Apparsuit

Geography
- Location: Greenland
- Coordinates: 73°48′N 56°45′W﻿ / ﻿73.800°N 56.750°W
- Archipelago: Upernavik Archipelago

Administration
- Greenland
- Municipality: Avannaata

= Apparsuit Island =

Island in Avannaata, Greenland

Apparsuit Island (old spelling: Agparssuit) is an uninhabited island in Avannaata municipality in northwestern Greenland. Cape Shackleton, the western promontory of the island, marks the northernmost extent of Tasiusaq Bay, an indentation of Baffin Bay.

== History ==
The island is characteristic for its cliffs falling to the sea from all sides, providing shelter and a breeding ground for thousands of seabirds. Together with the cliffs of Qaarsorsuaq Island in the southern part of the archipelago, the number of birds reached millions. The cliffs were harvested for eggs starting from 1875, when the northbound migrations of Greenlanders from Upernavik reached the islands north of Tasiusaq.

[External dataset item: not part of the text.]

(* Let $\iota(x_0):\mathbb C^{\mathcal L(\Omega)}\to\mathbb C^{\mathcal L(\Omega/x_0)}\otimes\mathbb C^{\mathcal L(x_0)}$ be the linear map $x\mapsto ((x+x_0)/x_0)\otimes(x\cap x_0)$. Equip $\mathbb C^{\mathcal L(\Omega)}$ with the $\mathfrak{W}_q$-module structure $\mathbb C^{\mathcal L(\Omega)}(x_0)$ described in the context, and $\mathbb C^{\mathcal L(\Omega/x_0)}\otimes\mathbb C^{\mathcal L(x_0)}$ with the $U_q(\mathfrak{sl}_2)\otimes U_q(\mathfrak{sl}_2)$-module structure $\mathbb C^{\mathcal L(\Omega/x_0)}(1)\otimes\mathbb C^{\mathcal L(x_0)}(q^{\dim x_0})$. Then for every $X\in\mathfrak{W}_q$, $\iota(x_0)\circ X=\flat(X)\circ\iota(x_0)$.
   Context: $\Omega$ is a $D$-dimensional vector space over a finite field $\mathbb F$, $q=\sqrt{|\mathbb F|}$; $[x,y]=xy-yx$, $[x,y]_q=qxy-q^{-1}yx$. $U_q(\mathfrak{sl}_2)$ is generated by $E,F,K^{\pm1}$ with $KK^{-1}=K^{-1}K=1$, $[E,K]_q=[K,F]_q=0$, $[E,F]=\frac{K-K^{-1}}{q-q^{-1}}$. For a finite-dimensional $\mathbb F$-vector space $V$ of dimension $N$ and $\lambda\in\mathbb C\setminus\{0\}$, $\mathbb C^{\mathcal L(V)}(\lambda)$ is the $U_q(\mathfrak{sl}_2)$-module on the space with basis the set $\mathcal L(V)$ of subspaces of $V$ given by $Ex=\lambda q^{-N}\sum_{x'\subset\mathrel{\cdot} x}x'$, $Fx=\lambda^{-1}q\sum_{x\subset\mathrel{\cdot} x'}x'$, $K^{\pm1}x=q^{\pm(N-2\dim x)}x$, where $x'\subset\mathrel{\cdot}x$ means $x'\subseteq x$, $\dim x'=\dim x-1$. $\mathfrak{W}_q$ is generated by $E_1,E_2,F_1,F_2,K_1^{\pm1},K_2^{\pm1},I^{\pm1}$ subject to: $I$ central; $II^{-1}=I^{-1}I=1$, $K_1K_1^{-1}=K_1^{-1}K_1=1$, $K_2K_2^{-1}=K_2^{-1}K_2=1$; $[K_1,E_2]=[K_1,F_2]=[K_1,K_2]=[K_2,E_1]=[K_2,F_1]=0$; $[E_1,K_1]_q=[K_1,F_1]_q=[E_2,K_2]_q=[K_2,F_2]_q=0$; $[E_1,E_2]=[E_1,F_2]=[F_1,E_2]=[F_1,F_2]=0$; $[E_1,F_1]=\frac{K_1-IK_1^{-1}}{q-q^{-1}}$; $[E_2,F_2]=\frac{IK_2-K_2^{-1}}{q-q^{-1}}$. $\flat:\mathfrak{W}_q\to U_q(\mathfrak{sl}_2)\otimes U_q(\mathfrak{sl}_2)$ is the algebra homomorphism $E_1\mapsto E\otimes1$, $E_2\mapsto1\otimes E$, $F_1\mapsto F\otimes1$, $F_2\mapsto1\otimes F$, $K_1^{\pm1}\mapsto K^{\pm1}\otimes1$, $K_2^{\pm1}\mapsto1\otimes K^{\pm1}$, $I^{\pm1}\mapsto1\otimes1$. Fix $x_0,x_1\in\mathcal L(\Omega)$ with $\Omega=x_0\oplus x_1$; write $u=u_0+u_1$; $\tau(x):(x+x_0)/x_0\to x_0/(x\cap x_0)$, $u+x_0\mapsto u_0+(x\cap x_0)$ ($u\in x$); $|y|$ is the cardinality of $y$. The $\mathfrak{W}_q$-module $\mathbb C^{\mathcal L(\Omega)}(x_0)$ is given by $E_1=q^{\dim x_0-D}L_1$, $E_2=q^{\dim x_0-D}D_1L_2$, $F_1=q^{1-\dim x_0}R_1D_2^{-1}$, $F_2=q^{1-\dim x_0}R_2$, $K_1^{\pm1}=D_1^{\pm1}$, $K_2^{\pm1}=D_2^{\pm1}$, $I^{\pm1}=q^{\mp D}D_1^{\pm1}D_2^{\mp1}((q^2-1)D_3+D_4)^{\pm1}$, where: $L_1x=\sum_{x'\subset\mathrel{\cdot}x,\ x'\cap x_0=x\cap x_0}x'$; $L_2x=\sum_{x'\subset\mathrel{\cdot}x,\ x'+x_0=x+x_0}x'$; $R_1x=\sum_{x\subset\mathrel{\cdot}x',\ x'\cap x_0=x\cap x_0}x'$; $R_2x=\sum_{x\subset\mathrel{\cdot}x',\ x'+x_0=x+x_0}x'$; $D_1x=q^{\dim(\Omega/x_0)-2\dim((x+x_0)/x_0)}x$; $D_2x=q^{\dim x_0-2\dim(x\cap x_0)}x$; $D_3x=\sum x'$ over $x'$ with $x'+x_0=x+x_0$, $x'\cap x_0=x\cap x_0$, $\operatorname{rank}(\tau(x')-\tau(x))=1$; $D_4x=(\frac{|x|+|x_0|}{|x\cap x_0|}-1)x$. *)

theory Defs
  imports "HOL-Analysis.Analysis"
begin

The eggs are occasionally harvested to this day.

== Geography ==
Apparsuit Island is located at the northern end of Tasiusaq Bay, in the north-central part of Upernavik Archipelago. It is an offlying island in the archipelago, separated from Qullikorsuit Island in the east by Appaalissiorfiup Ikerasaa strait, part of the old maritime route from Upernavik to Melville Bay. The highest point is an unnamed mountain of 658 m in the south of the island.